Des Arbres, sonnant comme l'intitulé d'un essai de Montaigne, est un titre faussement simple. Et pour mieux comprendre la portée du recueil de Régis Lefort, il est nécessaire d'en explorer la polysémie. L'on peut se demander d'abord si le poète souhaite limiter son évocation des arbres à quelques-uns qui lui sont chers, qu'il liste en prélude et que l'on trouverait par exemple dans l'ouvrage Flore pratique de Roger Blais, dont la couverture est reproduite nostalgiquement sur la page.
Par ailleurs, Des pourrait indiquer le point de vue depuis lequel le poète s'adresse à nous, son point de départ ou plutôt la source même de son souffle poétique puisque ce serait d'eux, des arbres – de leur fait ou de leur part – que le poète aurait tiré les premiers mots de sa prose poétique : "et moi, dans cette forêt dense, roi boiteux se noyant dans une langue devenue pour la première fois étrange." L'expression "des arbres" signifierait ainsi que c'est de l'extraction de tout leur être, des racines jusqu'à la sève des branches et aux nervures des feuilles, que viendraient les courts textes sans titres qui se succèdent tout au long du recueil.
À découvrir le prélude, l'on craint un court instant de ne pas être Sylvain et, dépassé par notre méconnaissance des arbres, d'entrer difficilement dans le texte. Rien de tel pourtant car le poète reconnaît lui-même ce handicap malgré "sa jeunesse arboricole" et les leçons de son maître. Comment alors révéler au lecteur cette flore, fascinante mais restée énigmatique, autrement que par l'imaginaire, en lui donnant, en particulier, le caractère d'un être que l'on admire et auquel on confère mille qualités et caractéristiques originales ? Aussi le recueil débute-t-il par cette phrase superbe : "Le liquidambar, au goût liquide de Carambar, a la feuille étoilée et rougit à l'automne."

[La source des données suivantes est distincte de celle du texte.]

(* Let $G$ be a finite abelian group which is either cyclic or a direct product of two cyclic groups. Then every normalized $3$-cocycle on $G$ (with values in $\mathbbm{k}^*$) is abelian.
   Context: $\mathbbm{k}$ is algebraically closed of characteristic zero. For a normalized 3-cocycle $\Phi$ on $G$ and $g\in G$, $\widetilde{\Phi}_g(x,y)=\frac{\Phi(g,x,y)\Phi(x,y,g)}{\Phi(x,g,y)}$. The category ${}^{\mathbbm{k}G}_{\mathbbm{k}G}\mathcal{YD}^{\Phi}$ has objects the $G$-graded vector spaces $V=\bigoplus_gV_g$ with operators $e\triangleright-$ ($e\in G$) preserving each $V_g$, $1\triangleright v=v$, and $e\triangleright(f\triangleright v)=\widetilde{\Phi}_g(e,f)(ef)\triangleright v$ for $v\in V_g$; morphisms are graded maps commuting with the actions. $\Phi$ is called abelian if every simple object of ${}^{\mathbbm{k}G}_{\mathbbm{k}G}\mathcal{YD}^{\Phi}$ is $1$-dimensional. *)

theory Defs
  imports "HOL-Algebra.Elementary_Groups" "HOL-Computational_Algebra.Polynomial"
begin

definition alg_closed_field :: "'k::field itself \<Rightarrow> bool" where
  "alg_closed_field _ \<longleftrightarrow> (\<forall>p::'k poly. degree p \<ge> 1 \<longrightarrow> (\<exists>x. poly p x = 0))"

definition normalized_3cocycle :: "('g, 'm) monoid_scheme \<Rightarrow> ('g \<Rightarrow> 'g \<Rightarrow> 'g \<Rightarrow> 'k::field) \<Rightarrow> bool" where
  "normalized_3cocycle G \<Phi> \<longleftrightarrow>
     (\<forall>x\<in>carrier G. \<forall>y\<in>carrier G. \<forall>z\<in>carrier G. \<Phi> x y z \<noteq> 0) \<and>
     (\<forall>a\<in>carrier G. \<forall>b\<in>carrier G. \<forall>c\<in>carrier G. \<forall>d\<in>carrier G.
        \<Phi> b c d * \<Phi> a (b \<otimes>\<^bsub>G\<^esub> c) d * \<Phi> a b c
        = \<Phi> (a \<otimes>\<^bsub>G\<^esub> b) c d * \<Phi> a b (c \<otimes>\<^bsub>G\<^esub> d)) \<and>
     (\<forall>x\<in>carrier G. \<forall>y\<in>carrier G.
        \<Phi> \<one>\<^bsub>G\<^esub> x y = 1 \<and> \<Phi> x \<one>\<^bsub>G\<^esub> y = 1 \<and> \<Phi> x y \<one>\<^bsub>G\<^esub> = 1)"

definition Phi_tilde :: "('g \<Rightarrow> 'g \<Rightarrow> 'g \<Rightarrow> 'k::field) \<Rightarrow> 'g \<Rightarrow> 'g \<Rightarrow> 'g \<Rightarrow> 'k" where
  "Phi_tilde \<Phi> g x y = \<Phi> g x y * \<Phi> x y g / \<Phi> x g y"

text \<open>An object of the category YD^Phi: a k-vector space V (a subspace of the ambient
  k-vector space 'v, with scalar multiplication scale), a G-grading V = (+)_g V_g given by
  grade, and linear operators act e (e in G) preserving each V_g, with act 1 = id and
  act e (act f v) = Phi~_g(e,f) (act (ef) v) for v in V_g.\<close>
definition yd_object ::
  "('g, 'm) monoid_scheme \<Rightarrow> ('g \<Rightarrow> 'g \<Rightarrow> 'g \<Rightarrow> 'k::field) \<Rightarrow> ('k \<Rightarrow> 'v::ab_group_add \<Rightarrow> 'v)
     \<Rightarrow> 'v set \<Rightarrow> ('g \<Rightarrow> 'v set) \<Rightarrow> ('g \<Rightarrow> 'v \<Rightarrow> 'v) \<Rightarrow> bool" where
  "yd_object G \<Phi> scale V grade act \<longleftrightarrow>
     vector_space scale \<and> module.subspace scale V \<and>
     (\<forall>g\<in>carrier G. module.subspace scale (grade g) \<and> grade g \<subseteq> V) \<and>
     (\<forall>v\<in>V. \<exists>!f. (\<forall>g\<in>carrier G. f g \<in> grade g) \<and> (\<forall>g. g \<notin> carrier G \<longrightarrow> f g = 0)
                 \<and> v = (\<Sum>g\<in>carrier G. f g)) \<and>
     (\<forall>e\<in>carrier G. \<forall>x\<in>V. \<forall>y\<in>V. act e (x + y) = act e x + act e y) \<and>
     (\<forall>e\<in>carrier G. \<forall>c. \<forall>x\<in>V. act e (scale c x) = scale c (act e x)) \<and>
     (\<forall>e\<in>carrier G. \<forall>g\<in>carrier G. \<forall>v\<in>grade g. act e v \<in> grade g) \<and>
     (\<forall>v\<in>V. act \<one>\<^bsub>G\<^esub> v = v) \<and>
     (\<forall>g\<in>carrier G. \<forall>e\<in>carrier G. \<forall>f\<in>carrier G. \<forall>v\<in>grade g.
        act e (act f v) = scale (Phi_tilde \<Phi> g e f) (act (e \<otimes>\<^bsub>G\<^esub> f) v))"
lemma group_action_conj_action:
  "group_action T_mod_S (carrier V_mod_U) conj_action"
  unfolding group_action_def group_hom_def group_hom_axioms_def hom_def
proof (intro conjI CollectI ballI)
  show "group T_mod_S" by (rule normal.factorgroup_is_group[OF normal_S_T])
  show "group (BijGroup (carrier V_mod_U))" by (rule group_BijGroup)
  show "conj_action \<in> carrier T_mod_S \<rightarrow> carrier (BijGroup (carrier V_mod_U))"
    unfolding carrier_FactGroup_update[where H = T and N = S] BijGroup_def using conj_action_bij by auto
next
  fix A B assume "A \<in> carrier T_mod_S" "B \<in> carrier T_mod_S"
  then obtain t t' where t: "t \<in> T" "A = S #> t" and t': "t' \<in> T" "B = S #> t'"
    unfolding carrier_FactGroup_update by blast
  then show "conj_action (A \<otimes>\<^bsub>T_mod_S\<^esub> B)
      = conj_action A \<otimes>\<^bsub>BijGroup (carrier V_mod_U)\<^esub> conj_action B"
    using mult_FactGroup_update[OF normal_S_T] conj_action_mult conj_action_bij
    by (simp add: BijGroup_def)
qed

end

section \<open>The isometry group of the binary tree\<close>

lemma W_carrier: "carrier W = {f. tree_isom f}"
  by (simp add: W_def)

lemma W_mult_eq: "a \<otimes>\<^bsub>W\<^esub> b = b \<circ> a"
  by (simp add: W_def)

lemma W_one: "\<one>\<^bsub>W\<^esub> = id"
  by (simp add: W_def)

lemma tree_isom_length: "tree_isom g \<Longrightarrow> length (g w) = length w"
  by (simp add: tree_isom_def)

lemma tree_isom_take: "tree_isom g \<Longrightarrow> g (take k w) = take k (g w)"
  by (simp add: tree_isom_def)

lemma tree_isom_comp: "tree_isom f \<Longrightarrow> tree_isom g \<Longrightarrow> tree_isom (f \<circ> g)"
  unfolding tree_isom_def by (auto intro: bij_comp)

lemma tree_isom_inv:
  assumes "tree_isom f"
  shows "tree_isom (inv_into UNIV f)"
proof -
  have f: "bij f" using assms by (simp add: tree_isom_def)
  have "length (inv_into UNIV f w) = length w" for w
    using tree_isom_length[OF assms, of "inv_into UNIV f w"] f by (simp add: surj_f_inv_f bij_is_surj)
  moreover have "inv_into UNIV f (take k w) = take k (inv_into UNIV f w)" for k w
    using tree_isom_take[OF assms, of k "inv_into UNIV f w"] f
    by (metis bij_inv_eq_iff surj_f_inv_f bij_is_surj)
  ultimately show ?thesis
    using f by (simp add: tree_isom_def bij_imp_bij_inv)
qed

lemma group_W: "group W"
proof (rule groupI)
  fix x assume "x \<in> carrier W"
  then have x: "tree_isom x" by (simp add: W_carrier)
  then have "inv_into UNIV x \<otimes>\<^bsub>W\<^esub> x = \<one>\<^bsub>W\<^esub>"
    by (simp add: W_mult_eq W_one tree_isom_def bij_is_surj surj_iff [symmetric])
  then show "\<exists>y\<in>carrier W. y \<otimes>\<^bsub>W\<^esub> x = \<one>\<^bsub>W\<^esub>"
    using tree_isom_inv[OF x] by (auto simp: W_carrier)
qed (auto simp: W_carrier W_mult_eq W_one tree_isom_comp o_assoc, simp add: tree_isom_def)

interpretation W: group W
  by (rule group_W)

abbreviation W_mult (infixl "\<bullet>" 70) where "a \<bullet> b \<equiv> a \<otimes>\<^bsub>W\<^esub> b"
abbreviation W_inv where "W_inv a \<equiv> inv\<^bsub>W\<^esub> a"

lemma W_assoc: "a \<bullet> b \<bullet> c = a \<bullet> (b \<bullet> c)"
  by (simp add: W_mult_eq o_assoc)

lemma W_one_left [simp]: "\<one>\<^bsub>W\<^esub> \<bullet> a = a" and W_one_right [simp]: "a \<bullet> \<one>\<^bsub>W\<^esub> = a"
  by (simp_all add: W_mult_eq W_one)

lemma W_cancel_left:
  assumes "x \<in> carrier W"
  shows "x \<bullet> (W_inv x \<bullet> y) = y" and "W_inv x \<bullet> (x \<bullet> y) = y"
  using assms by (simp_all add: W_assoc [symmetric])

text \<open>Composition is associative on all maps, so only the inverse laws in this
  normalisation carry carrier side conditions.\<close>

lemmas W_normalize = W_assoc W.inv_mult_group W_cancel_left

lemma tpair_simps [simp]:
  "tpair a b [] = []" "tpair a b (x # v) = x # (if x then b v else a v)"
  by (simp_all add: tpair_def)

lemma sigma_simps [simp]: "sigma [] = []" "sigma (x # v) = (\<not> x) # v"
  by (simp_all add: sigma_def)

lemma tpair_comp: "tpair c d \<circ> tpair a b = tpair (c \<circ> a) (d \<circ> b)"
  by (rule ext) (simp add: tpair_def split: list.split)

lemma tpair_mult: "tpair a b \<bullet> tpair c d = tpair (a \<bullet> c) (b \<bullet> d)"
  by (simp add: W_mult_eq tpair_comp)

lemma tpair_one: "tpair \<one>\<^bsub>W\<^esub> \<one>\<^bsub>W\<^esub> = \<one>\<^bsub>W\<^esub>"
  by (rule ext) (simp add: W_one tpair_def split: list.split)

lemma sigma_square: "sigma \<bullet> sigma = \<one>\<^bsub>W\<^esub>"
  by (rule ext) (simp add: W_mult_eq W_one sigma_def split: list.split)

lemma sigma_tpair: "sigma \<bullet> tpair a b = tpair b a \<bullet> sigma"
  by (rule ext) (simp add: W_mult_eq tpair_def sigma_def split: list.split)

lemma tpair_eq_iff: "tpair a b = tpair c d \<longleftrightarrow> a = c \<and> b = d"
proof
  assume h: "tpair a b = tpair c d"
  show "a = c \<and> b = d"
    using fun_cong[OF h, of "False # v" for v] fun_cong[OF h, of "True # v" for v] by auto
qed simp

lemma tpair_neq_tpair_sigma: "tpair a b \<noteq> tpair c d \<bullet> sigma"
proof
  assume "tpair a b = tpair c d \<bullet> sigma"
  from fun_cong[OF this, of "[False]"] show False by (simp add: W_mult_eq)
qed

lemma tree_isom_sigma: "tree_isom sigma"
proof -
  have "sigma \<circ> sigma = id" using sigma_square by (simp add: W_mult_eq W_one)
  then have "bij sigma" using o_bij by blast
  moreover have "length (sigma w) = length w" for w by (cases w) auto
  moreover have "sigma (take k w) = take k (sigma w)" for k w by (cases w; cases k) auto
  ultimately show ?thesis by (simp add: tree_isom_def)
qed

lemma sigma_carrier: "sigma \<in> carrier W"
  using tree_isom_sigma by (simp add: W_carrier)

lemma sigma_inv: "W_inv sigma = sigma"
  using sigma_square sigma_carrier by (intro W.inv_equality) simp_all

lemma tree_isom_tpair_left:
  assumes g: "tree_isom (tpair a b)"
  shows "tree_isom a"
proof -
  have "length (a v) = length v" for v
    using tree_isom_length[OF g, of "False # v"] by simp
  moreover have "a (take k v) = take k (a v)" for k v
    using tree_isom_take[OF g, of "Suc k" "False # v"] by simp
  moreover have "inj a"
  proof
    fix v v' assume "a v = a v'"
    then have "tpair a b (False # v) = tpair a b (False # v')" by simp
    then show "v = v'" using g unfolding tree_isom_def by (metis bij_is_inj injD list.inject)
  qed
  moreover have "w \<in> range a" for w
  proof -
    obtain z where z: "tpair a b z = False # w"
      using g by (metis tree_isom_def bij_is_surj surj_f_inv_f)
    then obtain v where "z = False # v"
      by (cases z) (auto split: if_splits)
    then show ?thesis using z by auto
  qed
  ultimately show ?thesis by (auto simp: tree_isom_def bij_def)
qed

La tonalité descriptive du texte, comme un prolongement du guide pratique de Roger Blais, donne à la prose poétique de Régis Lefort un caractère savant que l'éco-poésie ne saurait rejeter. Ainsi, l'on découvre, associés aux images, des termes scientifiques qui n’en contiennent pas moins une charge poétique : "l'anamorphose", le "tour orbiculaire", la "foliaison", la feuille "lancéolée", "apicale", "fructifère" et même pour désigner l'if, "Phanérogame gymnospermes" et "échoïque".
L'on apprend également à opérer des distinctions : les feuilles du liquidambar ne sont pas celles de l'érable, la tulipe n'a rien à voir avec le tulipier, etc. Les arbres et la nature sont ainsi d'abord décrits pour eux-mêmes même si le poète semble parfois à la recherche d'une subjectivité pongienne, un parti pris des choses, qui lui ferait rejeter l'idée même de poésie, à la manière de Ponge lui-même : "Arbre de l'élancement, phallique est le cyprès. [...] Jamais il ne se couche tant sa droiture exacte est l'élégance même, et de son coeur abrupt la nature révèle son port haut ou altier."
Le lyrisme n’est pourtant pas absent de la prose du poète. Son évocation des arbres est liée aussi à son environnement et à son existence propre, à la maison et au jardin de son enfance dans lequel la vie et la mort se côtoient au gré des saisons. "Je suis né à Vallongues sous un grand marronnier." Plus loin, confie-t-il, "le camélia est [...] d'enfance un repère vivace, maternel et planté à l'entrée de la maison." Il y a ainsi dans l'arbre quelque chose qui relève du mythe personnel dont on relève la trace dans les rêveries qui produisent les plus précieuses réminiscences : "À nouveau je le sens ce vent sur le visage comme le vent conduit par notre piroguier."
Au fond, se demande-t-on alors au mitan du recueil, qu'est-ce que l'arbre a à nous apprendre ? Que lui devons-nous ? Pour nous le révéler, Régis Lefort déploie plus largement l’éventail de l’imaginaire, ses textes prenant la forme de récits merveilleux, de rêves, de fables même. Il se retrouve ainsi métamorphosé en arbre, tantôt inquiet et inquiétant ("les doigts crochus, les branches déformées [...] l'écorce vieillie"), tantôt joyeux et rayonnant ("mon sourire est là [...] je ris. Suis heureux.")
Peu à peu, méditatif, poète errant "dans le sous-bois orphique", il saisit finement la portée symbolique de l'Arbre, et les Haleurs ne sauraient être indifférents à l'évocation de leur chemin bordé d'arbres, disant ce que leur effort et celui de la Nature ont en commun : "La poussée est forte sur les jambes toutes. Une poussée puissante comme végétation."
David Dielen
Régis Lefort, Des arbres, Gallimard, "NRF", 2023, 71 pages.